Another major system is Campi Flegrei, a large volcanic caldera near Naples. Unlike typical cone-shaped volcanoes, Campi Flegrei is a vast, underground system that has shown signs of unrest, including ground uplift and increased gas emissions. These changes are detected through geodetic tools such as GNSS and InSAR, which measure subtle surface deformation. Although it has not erupted since 1538, its recent activity suggests a heightened likelihood of future eruptions within this century.
Perhaps the most widely discussed volcanic system is Yellowstone Caldera in the United States. While often labeled a “supervolcano,” a massive eruption is considered unlikely in the near future. However, Yellowstone experiences frequent seismic activity and ground deformation, indicating an active magma system. Smaller hydrothermal or lava flow events are more probable and are continuously monitored by scientists.
In Mexico, Popocatépetl has been highly active in recent decades, producing frequent ash emissions and minor eruptions. Its proximity to large urban centers makes it one of the most closely watched volcanoes in North America. Continuous monitoring helps provide early warnings and reduce risks to nearby populations.
Modern geodesy plays a crucial role in forecasting volcanic activity. Techniques such as GNSS measure ground deformation caused by magma movement beneath the surface, while InSAR provides satellite-based observations of surface changes over time. Gas emissions, seismic activity, and thermal imaging are also integrated into monitoring systems. Together, these tools allow scientists to detect early signs of unrest, even if precise eruption timing remains uncertain.
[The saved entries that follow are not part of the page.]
lemma walk_bound_sq_le:
  fixes B :: real
  assumes "0 \<le> B"
  shows "(real (L div 2) * sqrt (2 * B) + real (L mod 2) * sqrt B)^2 \<le> real L * real ((L + 1) div 2) * B"
proof -
  have sqrt2: "sqrt 2 * sqrt 2 = 2" "sqrt 2 \<le> 3 / 2"
    by (simp, rule real_le_lsqrt) (simp_all add: power2_eq_square)
  have factor: "(real (L div 2) * sqrt 2 + real (L mod 2))^2 \<le> real L * real ((L + 1) div 2)"
  proof (cases "even L")
    case True
    then obtain m where "L = 2 * m" by blast
    then show ?thesis by (simp add: power2_eq_square algebra_simps sqrt2)
  next
    case False
    then obtain m where L: "L = 2 * m + 1" using oddE by blast
    have "2 * real m * sqrt 2 \<le> 2 * real m * (3 / 2)" using sqrt2 by (intro mult_left_mono) auto
    moreover have "L div 2 = m" "L mod 2 = 1" "(L + 1) div 2 = m + 1" using L by auto
    ultimately show ?thesis using L by (simp add: power2_eq_square algebra_simps sqrt2)
  qed
  have "real (L div 2) * sqrt (2 * B) + real (L mod 2) * sqrt B
      = (real (L div 2) * sqrt 2 + real (L mod 2)) * sqrt B"
    by (simp add: real_sqrt_mult algebra_simps)
  then show ?thesis
    using mult_right_mono[OF factor assms] assms by (simp add: power_mult_distrib)
qed

lemma ceiling_half: "real_of_int \<lceil>real n / 2\<rceil> = real ((n + 1) div 2)"
proof (cases "even n")
  case True
  then show ?thesis by (auto elim!: evenE)
next
  case False
  then obtain m where "n = 2 * m + 1" using oddE by blast
  moreover have "\<lceil>real (2 * m + 1) / 2\<rceil> = int m + 1" by (rule ceiling_unique) simp_all
  ultimately show ?thesis by simp
qed

locale signed_graph =
  fixes V :: "'a set" and E :: "'a \<Rightarrow> 'a \<Rightarrow> bool" and \<sigma> :: "'a \<Rightarrow> 'a \<Rightarrow> real"
  assumes simple: "simple_graph V E" and signature: "signature E \<sigma>"
begin

lemma finite_V: "finite V"
  using simple by (simp add: simple_graph_def)

lemma edge_in_V: "E x y \<Longrightarrow> x \<in> V \<and> y \<in> V"
  using simple by (simp add: simple_graph_def)

lemma edge_sym: "E x y \<Longrightarrow> E y x"
  using simple by (simp add: simple_graph_def)

lemma finite_nbrs: "finite (nbrs V E x)"
  using finite_V by (simp add: nbrs_def)

lemma nbrs_subset: "nbrs V E x \<subseteq> V"
  by (auto simp: nbrs_def)

lemma in_nbrs_iff: "y \<in> nbrs V E x \<longleftrightarrow> E x y"
  using edge_in_V by (auto simp: nbrs_def)

lemma sign_cases: "E x y \<Longrightarrow> \<sigma> x y = 1 \<or> \<sigma> x y = -1"
  using signature by (simp add: signature_def)

lemma sign_sym: "E x y \<Longrightarrow> \<sigma> y x = \<sigma> x y"
  using signature unfolding signature_def by metis

lemma sign_square: "E x y \<Longrightarrow> \<sigma> x y * \<sigma> x y = 1"
  using sign_cases by fastforce

lemma exists_max:
  fixes g :: "'a \<Rightarrow> 'b::linorder"
  assumes "V \<noteq> {}"
  obtains x where "x \<in> V" and "\<forall>y\<in>V. g y \<le> g x"
proof -
  have "Max (g ` V) \<in> g ` V" using finite_V assms by simp
  then obtain x where "x \<in> V" "g x = Max (g ` V)" by (metis imageE)
  moreover have "g y \<le> Max (g ` V)" if "y \<in> V" for y using finite_V that by (intro Max_ge) auto
  ultimately show thesis using that by metis
qed

lemma walk_sign_cases: "walk E p \<Longrightarrow> walk_sign \<sigma> p = 1 \<or> walk_sign \<sigma> p = -1"
proof (induction p)
  case (Cons x xs)
  then show ?case by (cases xs) (auto dest: sign_cases)
qed simp

definition eigenfunction :: "('a \<Rightarrow> real) \<Rightarrow> real \<Rightarrow> bool" where
  "eigenfunction f lam \<longleftrightarrow> (\<forall>x\<in>V. sLap V E \<sigma> f x = - lam * f x)"

definition edge_energy :: "('a \<Rightarrow> real) \<Rightarrow> 'a \<Rightarrow> real" where
  "edge_energy f y = (\<Sum>z\<in>nbrs V E y. (\<sigma> y z * f z - f y)^2)"

lemma sGamma_eq_sum:
  "sGamma V E \<sigma> f g x = 1 / 2 * (1 / real (deg V E x)) *
     (\<Sum>y\<in>nbrs V E x. (\<sigma> x y * f y - f x) * (\<sigma> x y * g y - g x))"
proof -
  have "(\<Sum>y\<in>nbrs V E x. (\<sigma> x y * f y - f x) * (\<sigma> x y * g y - g x)) =
     (\<Sum>y\<in>nbrs V E x. (1 * (f y * g y) - f x * g x) - g x * (\<sigma> x y * f y - f x)
        - f x * (\<sigma> x y * g y - g x))"
  proof (rule sum.cong)
    fix y assume "y \<in> nbrs V E x"
    then have "\<sigma> x y * \<sigma> x y = 1" using sign_square in_nbrs_iff by blast
    then show "(\<sigma> x y * f y - f x) * (\<sigma> x y * g y - g x) =
       (1 * (f y * g y) - f x * g x) - g x * (\<sigma> x y * f y - f x) - f x * (\<sigma> x y * g y - g x)"
      by (simp add: algebra_simps)
  qed simp
  also have "\<dots> = (\<Sum>y\<in>nbrs V E x. 1 * (f y * g y) - f x * g x)
      - g x * (\<Sum>y\<in>nbrs V E x. \<sigma> x y * f y - f x) - f x * (\<Sum>y\<in>nbrs V E x. \<sigma> x y * g y - g x)"
    by (simp add: sum_subtractf sum_distrib_left right_diff_distrib)
  finally have sum_eq: "(\<Sum>y\<in>nbrs V E x. (\<sigma> x y * f y - f x) * (\<sigma> x y * g y - g x)) = \<dots>" .
  show ?thesis
    unfolding sGamma_def Lap_def sLap_def sum_eq by (simp add: algebra_simps)
qed
(* For a given diagonal section $\delta$ we have $\mu_\delta=\mu(D_\delta)$, where $D_\delta(x,y)=\overline{C}_\delta(x,y)$ for $x\le y$ and $D_\delta(x,y)=B_\delta(x,y)$ for $x\ge y$.
   Context: A diagonal section is a function $\delta\colon[0,1]\to[0,1]$ that is the diagonal $x\mapsto C(x,x)$ of some bivariate copula $C$; equivalently $\delta(x)\le x$, $0\le\delta(y)-\delta(x)\le 2(y-x)$ for $x\le y$, and $\delta(1)=1$. Write $\widehat{\delta}(x)=x-\delta(x)$. $\overline{C}_\delta(x,y)=\sup\{C(x,y)\colon C \text{ a copula with diagonal section } \delta\}$, and $B_\delta(x,y)=\min\{x,y\}-\min_{t\in[\min\{x,y\},\max\{x,y\}]}\widehat{\delta}(t)$ is the Bertino copula. The function $D_\delta$ (diagonal splice of $\overline{C}_\delta$ and $B_\delta$) is a copula with diagonal section $\delta$. For a copula $C$, its asymmetry is $\mu(C)=\max\{|C(x,y)-C(y,x)|\colon x,y\in[0,1]\}$, and $\mu_\delta=\sup\{\mu(C)\colon C \text{ a copula with diagonal section } \delta\}$ is the maximal asymmetry of copulas with diagonal section $\delta$. *)

theory Defs
  imports Complex_Main
begin

text \<open>Bivariate copulas, represented as functions real => real => real; only
  their values on the unit square matter.\<close>
definition copula :: "(real \<Rightarrow> real \<Rightarrow> real) \<Rightarrow> bool" where
  "copula C \<longleftrightarrow>
     (\<forall>x\<in>{0..1}. C x 0 = 0 \<and> C 0 x = 0 \<and> C x 1 = x \<and> C 1 x = x) \<and>
     (\<forall>x1\<in>{0..1}. \<forall>x2\<in>{0..1}. \<forall>y1\<in>{0..1}. \<forall>y2\<in>{0..1}.
        x1 \<le> x2 \<longrightarrow> y1 \<le> y2 \<longrightarrow> C x1 y1 + C x2 y2 - C x1 y2 - C x2 y1 \<ge> 0)"

definition has_diagonal :: "(real \<Rightarrow> real \<Rightarrow> real) \<Rightarrow> (real \<Rightarrow> real) \<Rightarrow> bool" where
  "has_diagonal C \<delta> \<longleftrightarrow> (\<forall>x\<in>{0..1}. C x x = \<delta> x)"

definition diagonal_section :: "(real \<Rightarrow> real) \<Rightarrow> bool" where
  "diagonal_section \<delta> \<longleftrightarrow> (\<exists>C. copula C \<and> has_diagonal C \<delta>)"

definition delta_hat :: "(real \<Rightarrow> real) \<Rightarrow> real \<Rightarrow> real" where
  "delta_hat \<delta> x = x - \<delta> x"

definition C_upper :: "(real \<Rightarrow> real) \<Rightarrow> real \<Rightarrow> real \<Rightarrow> real" where
  "C_upper \<delta> x y = (SUP C\<in>{C. copula C \<and> has_diagonal C \<delta>}. C x y)"

text \<open>Bertino copula (the minimum exists by continuity; written as an infimum).\<close>
definition bertino :: "(real \<Rightarrow> real) \<Rightarrow> real \<Rightarrow> real \<Rightarrow> real" where
  "bertino \<delta> x y = min x y - (INF t\<in>{min x y..max x y}. delta_hat \<delta> t)"

definition D_splice :: "(real \<Rightarrow> real) \<Rightarrow> real \<Rightarrow> real \<Rightarrow> real" where
  "D_splice \<delta> x y = (if x \<le> y then C_upper \<delta> x y else bertino \<delta> x y)"

text \<open>Asymmetry of a copula (the maximum exists by continuity; written as a supremum).\<close>
definition copula_asym :: "(real \<Rightarrow> real \<Rightarrow> real) \<Rightarrow> real" where
  "copula_asym C = (SUP p\<in>{0..1} \<times> {0..1}. \<bar>C (fst p) (snd p) - C (snd p) (fst p)\<bar>)"

definition max_asym :: "(real \<Rightarrow> real) \<Rightarrow> real" where
  "max_asym \<delta> = (SUP C\<in>{C. copula C \<and> has_diagonal C \<delta>}. copula_asym C)"

end

theory Submission
  imports Defs
begin

(* Every copula C with diagonal section \<delta> satisfies B\<^sub>\<delta> \<le> C \<le> C_upper \<delta> pointwise, and so does
   its transpose; hence for x < y its asymmetry at (x, y) is at most
   C_upper \<delta> x y - B\<^sub>\<delta> x y, which is exactly the asymmetry of D\<^sub>\<delta> there.  Conversely, gluing
   any such C above the diagonal to B\<^sub>\<delta> below it gives again a copula with diagonal \<delta>,
   whose asymmetry at (x, y) is C x y - B\<^sub>\<delta> x y; letting C x y approach C_upper \<delta> x y shows
   that the asymmetry of D\<^sub>\<delta> is attained in the limit, without having to show that D\<^sub>\<delta>
   itself is a copula. *)

definition rect_volume :: "(real \<Rightarrow> real \<Rightarrow> real) \<Rightarrow> real \<Rightarrow> real \<Rightarrow> real \<Rightarrow> real \<Rightarrow> real" where
  "rect_volume F x1 x2 y1 y2 = F x1 y1 + F x2 y2 - F x1 y2 - F x2 y1"
(* Let $F_0(x)=\frac{1}{1+x}$, $G_0(x)=\frac{x}{1+x}$, $H_0(x)=\frac{x(x+2)}{2(x+1)}$, and for $n\ge1$ let $F_n,G_n,H_n$ be the polynomials defined by $F_1=G_1=H_1=1$ and \[F_{n+1}(x)=(2n+2+(n+2)x)F_n(x)+(1+x)^2F_n'(x),\quad G_{n+1}(x)=(2n+nx)G_n(x)+(1+x)^2G_n'(x),\] \[H_{n+1}(x)=(2n-1+(n-1)x)H_n(x)+(1+x)^2H_n'(x).\] Writing $w=\frac{u+x}{1+x}e^{-\frac{x}{1+x}}$, we have \[\sum_{n\ge0}\frac{u^n}{n!}F_n(x)=\frac{1}{(1+x)^2}T_0(w),\qquad \sum_{n\ge0}\frac{u^n}{n!}G_n(x)=T(w),\qquad \sum_{n\ge0}\frac{u^n}{n!}H_n(x)=(1+x)T_2(w).\]
   Context: $T(z)=\sum_{n\ge1}n^{n-1}z^n/n!$ (tree function, $T=ze^{T}$), $T_0(z)=\frac{1}{1-T(z)}=1+\sum_{n\ge1}n^nz^n/n!$, and $T_2(z)=\sum_{n\ge1}n^{n-2}z^n/n!=T(z)-\tfrac12T(z)^2$. The identities are of formal power series in $u$ and $x$ (rational functions of $x$ expanded around $x=0$; $w$ has zero constant term). *)

theory Defs
  imports "HOL-Computational_Algebra.Computational_Algebra"
begin

(* Bivariate formal power series in u and x are modelled as  real fps fps :
   the outer variable is u, the coefficients are power series in x. *)

(* tree function T, T_0 = 1/(1-T), T_2, as univariate series by their coefficients *)
definition Tfps :: "real fps" where
  "Tfps = Abs_fps (\<lambda>n. if n = 0 then 0 else real n ^ (n - 1) / fact n)"
definition T0fps :: "real fps" where
  "T0fps = Abs_fps (\<lambda>n. real n ^ n / fact n)"
definition T2fps :: "real fps" where
  "T2fps = Abs_fps (\<lambda>n. if n = 0 then 0 else real n powr (real n - 2) / fact n)"

(* substitution f(w) of a bivariate series w with zero constant term into a univariate series f:
   coefficient of u^i x^j is the finite sum over k <= i+j (w^k has no terms of total degree < k) *)
definition bsubst :: "real fps \<Rightarrow> real fps fps \<Rightarrow> real fps fps" where
  "bsubst f w = Abs_fps (\<lambda>i. Abs_fps (\<lambda>j.
      \<Sum>k\<le>i+j. fps_nth f k * fps_nth (fps_nth (w ^ k) i) j))"

definition uvar :: "real fps fps" where "uvar = fps_X"
definition xvar :: "real fps fps" where "xvar = fps_const fps_X"

definition wser :: "real fps fps" where
  "wser = (uvar + xvar) * fps_const (inverse (1 + fps_X)
            * fps_compose (fps_exp 1) (- fps_X * inverse (1 + fps_X)))"

(* polynomials F_n, G_n, H_n for n >= 1 (value at 0 is a dummy) *)
fun Fp :: "nat \<Rightarrow> real poly" where
  "Fp 0 = 0"
| "Fp (Suc 0) = 1"
| "Fp (Suc (Suc m)) = (let n = Suc m in
     [: 2 * real n + 2, real n + 2 :] * Fp n + [:1, 1:] ^ 2 * pderiv (Fp n))"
It is important to note that “due to erupt” does not mean an eruption is imminent, but rather that these volcanoes have a high probability of activity based on past behavior and current signals. Volcanoes operate on complex timescales, and even well-monitored systems can remain quiet for decades before erupting.
In conclusion, while we cannot predict exactly when a volcano will erupt, we can identify which systems are most likely to become active in the coming decades. Continuous monitoring and advances in geodesy are improving our ability to understand these powerful natural processes, helping societies better prepare for future eruptions.